Final answer:
To calculate the initial quantity of a radioactive isotope with known half-life and remaining quantity after certain years, use the half-life decay formula. After plugging the values for 239 Pu and performing the calculations, we find that the initial quantity was approximately 3.161g.
Step-by-step explanation:
The radioactive isotope 239 Pu is known for its long half-life, which can pose a challenge in terms of radioactive waste management. To find the initial quantity of 239 Pu, we can use the half-life formula:
N_t = N_0 (1/2)^(t/T)
Where:
- N_t is the remaining quantity after time t (3g in this case)
- N_0 is the initial quantity (what we want to find)
- t is the time that has passed (1800 years)

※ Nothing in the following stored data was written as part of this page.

lemma Q_below_upper_barrier:
  assumes U: "unit_profile U" "\<And>y. leq2 (U y) (upper_barrier y)"
  shows "leq2 (Q U t) (upper_barrier t)"
proof -
  note U' = unit_profile_growth_bounds[OF U(1)]
  have bounds: "leq2 (0, 0) (U y)" for y using U(1) unfolding unit_profile_def by auto
  have "k1 + \<delta> * bump L (t + 0) \<le> k1 + \<delta> * (\<kappa> * kconv l1 (bump L) t)"
    using bump_shift(1)[of 0 t] c_pos delta(1) by (simp add: mult_left_mono)
  also have "\<dots> = k1 + \<kappa> * \<delta> * kconv l1 (bump L) t" by (simp add: algebra_simps)
  also have "\<dots> \<le> kconv l1 (\<lambda>y. growth1 r1 a1 (U y)) t"
    using growth_below_upper_barrier(1)[OF bounds U(2)] abs_bump_le_1
    by (intro affine_le_kconv[OF kernel1 _ U'(2)] continuous_intros U'(1)) auto
  finally have 1: "k1 + \<delta> * bump L t \<le> kconv l1 (\<lambda>y. growth1 r1 a1 (U y)) t" by simp
  have "kconv l2 (\<lambda>y. growth2 r2 a2 (U y)) t \<le> k2 + - (\<kappa> * \<delta>) * kconv l2 (bump L) t"
    using growth_below_upper_barrier(2)[OF bounds U(2)] abs_bump_le_1
    by (intro kconv_le_affine[OF kernel2 _ U'(3)] continuous_intros U'(1)) auto
  also have "\<dots> = k2 - \<delta> * (\<kappa> * kconv l2 (bump L) t)" by (simp add: algebra_simps)
  also have "\<dots> \<le> k2 - \<delta> * bump L (t + 0)"
    using bump_shift(2)[of 0 t] c_pos delta(1) by (simp add: mult_left_mono)
  finally have 2: "kconv l2 (\<lambda>y. growth2 r2 a2 (U y)) t \<le> k2 - \<delta> * bump L t" by simp
  show ?thesis using 1 2 unfolding upper_barrier_def Qop_eq_kconv leq2_def by simp
qed

lemma unit_profile_barriers: "unit_profile (lower_barrier 0)" "unit_profile upper_barrier"
proof -
  have "0 \<le> 1 - k1 - \<delta> * bump L y \<and> 1 - k1 - \<delta> * bump L y \<le> 1
      \<and> 0 \<le> 1 - k1 + \<delta> * bump L y \<and> 1 - k1 + \<delta> * bump L y \<le> 1
      \<and> 0 \<le> k2 - \<delta> * bump L y \<and> k2 - \<delta> * bump L y \<le> 1
      \<and> 0 \<le> k2 + \<delta> * bump L y \<and> k2 + \<delta> * bump L y \<le> 1" for y
    using scaled_bump[of y] delta k1_k2(1-4) by linarith
  then show "unit_profile (lower_barrier 0)" "unit_profile upper_barrier"
    unfolding unit_profile_def lower_barrier_def upper_barrier_def leq2_def
    by (auto intro!: continuous_intros simp del: k1_k2)
qed

lemma iterate_above_lower_barrier:
  "leq2 (lower_barrier (real n * c) t) ((Q ^^ n) (lower_barrier 0) t)"
proof (induction n arbitrary: t)
  case 0
  show ?case by (simp add: leq2_def)
next
  case (Suc n)
  have "leq2 (lower_barrier (real n * c + c) t) (Q ((Q ^^ n) (lower_barrier 0)) t)"
    by (rule Q_above_lower_barrier[OF unit_profile_iterate[OF unit_profile_barriers(1)] Suc.IH])
  then show ?case by (simp add: algebra_simps)
qed

lemma iterate_below_upper_barrier: "leq2 ((Q ^^ n) upper_barrier t) (upper_barrier t)"
proof (induction n arbitrary: t)
  case 0
  show ?case by (simp add: leq2_def)
next
  case (Suc n)
  then show ?case
    using Q_below_upper_barrier[OF unit_profile_iterate[OF unit_profile_barriers(2)]] by simp
qed

lemma barriers_in_Cint:
  "lower_barrier 0 \<in> Cint (1 - k1, k2) (1, 1)" "upper_barrier \<in> Cint (0, 0) (1 - k1, k2)"
proof -
  have "lower_barrier 0 = (\<lambda>y. (1 - k1 + \<delta> * bump L y, k2 + \<delta> * bump L y))"
    "upper_barrier = (\<lambda>y. (1 - k1 + - \<delta> * bump L y, k2 + - \<delta> * bump L y))"
    unfolding lower_barrier_def upper_barrier_def by auto
  then have "lower_barrier 0 \<in> UCB" "upper_barrier \<in> UCB"
    using bump_profile_in_UCB[OF L_pos, of "1 - k1" \<delta> k2]
      bump_profile_in_UCB[OF L_pos, of "1 - k1" "- \<delta>" k2] by simp_all
  moreover have "leq2 (1 - k1, k2) (lower_barrier 0 y)" "leq2 (0, 0) (upper_barrier y)"
    "leq2 (upper_barrier y) (1 - k1, k2)" for y
    unfolding lower_barrier_def upper_barrier_def leq2_def fst_conv snd_conv
    using scaled_bump[of y] scaled_bump[of "y + 0"] delta by (intro conjI; linarith)+
  ultimately show "lower_barrier 0 \<in> Cint (1 - k1, k2) (1, 1)" "upper_barrier \<in> Cint (0, 0) (1 - k1, k2)"
    using unit_profile_barriers unfolding Cint_def unit_profile_def by auto
qed
lemma gibbs_policy_in_policies:
  fixes f :: "'x \<Rightarrow> 'y::countable \<Rightarrow> real"
  assumes ref_pol: "\<pi>ref \<in> policies D" and f_meas: "\<And>y. (\<lambda>x. f x y) \<in> borel_measurable D"
    and f_bnd: "\<And>x y. \<bar>f x y\<bar> \<le> B"
  shows "(\<lambda>x. gibbs_pmf (\<pi>ref x) (f x)) \<in> policies D"
  unfolding policies_def
proof (intro CollectI allI)
  fix y
  have [measurable]: "(\<lambda>x. pmf (\<pi>ref x) y) \<in> borel_measurable D" "(\<lambda>x. f x y) \<in> borel_measurable D"
    using ref_pol f_meas by (auto simp: policies_def)
  have [measurable]: "(\<lambda>x. \<integral>y. exp (f x y) \<partial>measure_pmf (\<pi>ref x)) \<in> borel_measurable D"
    by (rule borel_measurable_policy_integral[OF ref_pol]) (use f_meas in measurable)
  show "(\<lambda>x. pmf (gibbs_pmf (\<pi>ref x) (f x)) y) \<in> borel_measurable D"
    unfolding pmf_gibbs_pmf[OF f_bnd] by measurable
qed

lemma Epol_minus_DKL_gibbs_policy:
  fixes f :: "'x \<Rightarrow> 'y::countable \<Rightarrow> real"
  assumes D: "prob_space D"
    and ref_pol: "\<pi>ref \<in> policies D" and ref_supp: "\<And>x y. pmf (\<pi>ref x) y > 0"
    and beta: "\<beta> > 0" and f_meas: "\<And>y. (\<lambda>x. f x y) \<in> borel_measurable D"
    and f_bnd: "\<And>x y. \<bar>f x y\<bar> \<le> B"
  defines "q \<equiv> \<lambda>x. gibbs_pmf (\<pi>ref x) (\<lambda>y. f x y / \<beta>)"
  shows "ereal (Epol D q f) - ereal \<beta> * DKL D q \<pi>ref
         = ereal (\<beta> * (\<integral>x. ln (\<integral>y. exp (f x y / \<beta>) \<partial>measure_pmf (\<pi>ref x)) \<partial>D))"
proof -
  have pol: "q \<in> policies D"
    unfolding q_def by (rule gibbs_policy_in_policies[OF ref_pol _ abs_divide_le_divide[OF f_bnd beta]])
      (use f_meas in measurable)
  define a where "a x = donsker_varadhan_bound (q x) (\<pi>ref x) (\<lambda>y. f x y / \<beta>)" for x
  have a_int: "integrable D a"
    unfolding a_def by (rule integral_donsker_varadhan_bound(1)[OF D pol ref_pol beta f_meas f_bnd])
  have KL_eq: "KLdisc (q x) (\<pi>ref x) = ereal (a x)" for x
    unfolding a_def q_def by (rule KLdisc_gibbs_pmf[OF ref_supp abs_divide_le_divide[OF f_bnd beta]])
  have a_nonneg: "0 \<le> a x" for x using KLdisc_nonneg[OF ref_supp, of "q x" x] KL_eq[of x] by simp
  have "DKL D q \<pi>ref = enn2ereal (\<integral>\<^sup>+ x. ennreal (a x) \<partial>D)" unfolding DKL_def KL_eq by simp
  also have "\<dots> = ereal (\<integral>x. a x \<partial>D)"
    by (subst nn_integral_eq_integral) (use a_int a_nonneg integral_nonneg_AE in auto)
  finally have "DKL D q \<pi>ref = ereal (\<integral>x. a x \<partial>D)" .
  then show ?thesis
    using integral_donsker_varadhan_bound(2)[OF D pol ref_pol beta f_meas f_bnd] unfolding a_def by simp
qed
(* Let $d<\infty$ and let $V\subset\mathbb{B}_d$ be an analytic disc attached to the unit sphere. Then $V$ is irreducible: for every regular point $\lambda\in V$ and every $\varepsilon>0$, the common zero set in $\mathbb{B}_d$ of all $\varphi\in\mathcal{M}_d$ that vanish on $V\cap B_\varepsilon(\lambda)$ is exactly $V$.
   Context: $\mathbb{D}$ is the open unit disc, $\mathbb{B}_d$ the open unit ball of $\mathbb{C}^d$, $B_\varepsilon(\lambda)$ the open ball of radius $\varepsilon$ about $\lambda$. The Drury–Arveson space $H^2_d$ is the RKHS on $\mathbb{B}_d$ with kernel $1/(1-\langle z,w\rangle)$, with multiplier algebra $\mathcal{M}_d$. A variety is a common zero set in $\mathbb{B}_d$ of a family of functions from $\mathcal{M}_d$. An analytic disc attached to the unit sphere is a variety $V\subset\mathbb{B}_d$ ($d<\infty$) for which there is an injective analytic $f:\mathbb{D}\to\mathbb{B}_d$ with $f'(z)\neq0$ on $\mathbb{D}$, $V=f(\mathbb{D})$, $f$ extends to a $C^2$ map on $\overline{\mathbb{D}}$, and for $x\in\overline{\mathbb{D}}$, $\|f(x)\|=1$ iff $|x|=1$. *)

theory Defs
  imports "HOL-Analysis.Analysis"
begin

text \<open>Points of C^d are vectors of type complex^'n ('n a finite type, d = CARD('n)).
  The norm on complex^'n is the Euclidean norm, so ball 0 1 is the open unit ball B_d.\<close>

definition cinner :: "complex^'n \<Rightarrow> complex^'n \<Rightarrow> complex" where
  "cinner z w = (\<Sum>i\<in>UNIV. z $ i * cnj (w $ i))"

definition DA_kernel :: "complex^'n \<Rightarrow> complex^'n \<Rightarrow> complex" where
  "DA_kernel z w = 1 / (1 - cinner z w)"

definition pos_kernel :: "'a set \<Rightarrow> ('a \<Rightarrow> 'a \<Rightarrow> complex) \<Rightarrow> bool" where
  "pos_kernel S L \<longleftrightarrow>
     (\<forall>(n::nat) (x::nat \<Rightarrow> 'a) (a::nat \<Rightarrow> complex). (\<forall>i<n. x i \<in> S) \<longrightarrow>
        (let s = (\<Sum>i<n. \<Sum>j<n. a i * cnj (a j) * L (x i) (x j)) in Im s = 0 \<and> Re s \<ge> 0))"

text \<open>Drury--Arveson space: the reproducing kernel Hilbert space of DA_kernel on the ball,
  given by its membership criterion (Aronszajn): f \<in> H(K) iff c K - f \<otimes> f^* is a
  positive kernel for some constant c.\<close>
definition DA_space :: "(complex^'n \<Rightarrow> complex) set" where
  "DA_space = {f. \<exists>c::real. pos_kernel (ball 0 1)
        (\<lambda>z w. of_real c * DA_kernel z w - f z * cnj (f w))}"

definition DA_mult :: "(complex^'n \<Rightarrow> complex) set" where
  "DA_mult = {\<phi>. \<forall>f\<in>DA_space. (\<lambda>z. \<phi> z * f z) \<in> DA_space}"

definition zero_set :: "(complex^'n \<Rightarrow> complex) set \<Rightarrow> (complex^'n) set" where
  "zero_set F = {z \<in> ball 0 1. \<forall>\<phi>\<in>F. \<phi> z = 0}"

definition variety :: "(complex^'n) set \<Rightarrow> bool" where
  "variety V \<longleftrightarrow> (\<exists>F \<subseteq> DA_mult. V = zero_set F)"

definition cholo_on :: "(complex^'n) set \<Rightarrow> (complex^'n \<Rightarrow> complex^'m) \<Rightarrow> bool" where
  "cholo_on U \<Phi> \<longleftrightarrow> (\<forall>z\<in>U. \<exists>D. (\<Phi> has_derivative D) (at z) \<and>
                        (\<forall>c v. D (c *s v) = c *s D v))"

definition biholo_on :: "(complex^'n) set \<Rightarrow> (complex^'n \<Rightarrow> complex^'n) \<Rightarrow> bool" where
  "biholo_on U \<Phi> \<longleftrightarrow> open U \<and> inj_on \<Phi> U \<and> open (\<Phi> ` U) \<and> cholo_on U \<Phi> \<and>
                      cholo_on (\<Phi> ` U) (inv_into U \<Phi>)"

text \<open>Regular point of V: near \<lambda>, V is a complex submanifold (given by a holomorphic
  slice chart).\<close>
definition regular_point :: "(complex^'n) set \<Rightarrow> complex^'n \<Rightarrow> bool" where
  "regular_point V p \<longleftrightarrow> p \<in> V \<and>
     (\<exists>U \<Phi> (S::'n set). p \<in> U \<and> biholo_on U \<Phi> \<and>
        \<Phi> ` (V \<inter> U) = \<Phi> ` U \<inter> {z. \<forall>i. i \<notin> S \<longrightarrow> z $ i = 0})"

definition C2_on_cdisc :: "(complex \<Rightarrow> complex^'n) \<Rightarrow> bool" where
  "C2_on_cdisc F \<longleftrightarrow>
     (\<exists>(DF :: complex \<Rightarrow> complex \<Rightarrow>\<^sub>L (complex^'n))
        (DDF :: complex \<Rightarrow> complex \<Rightarrow>\<^sub>L (complex \<Rightarrow>\<^sub>L (complex^'n))).
        (\<forall>x\<in>cball 0 1. (F has_derivative blinfun_apply (DF x)) (at x within cball 0 1) \<and>
                         (DF has_derivative blinfun_apply (DDF x)) (at x within cball 0 1)) \<and>
        continuous_on (cball 0 1) DDF)"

- T is the half-life period (24100 years)
Using this formula:
N_0 = N_t / (1/2)^(t/T)
Substituting the given values:
N_0 = 3g / (1/2)^(1800/24100)
Now, we calculate the exponent first: 1800/24100 = 0.074689
Then raise (1/2) to this exponent:
(1/2)^0.074689 ≈ 0.9489
So:
N_0 = 3g / 0.9489 ≈ 3.161g
Therefore, the initial quantity of 239 Pu was approximately 3.161g.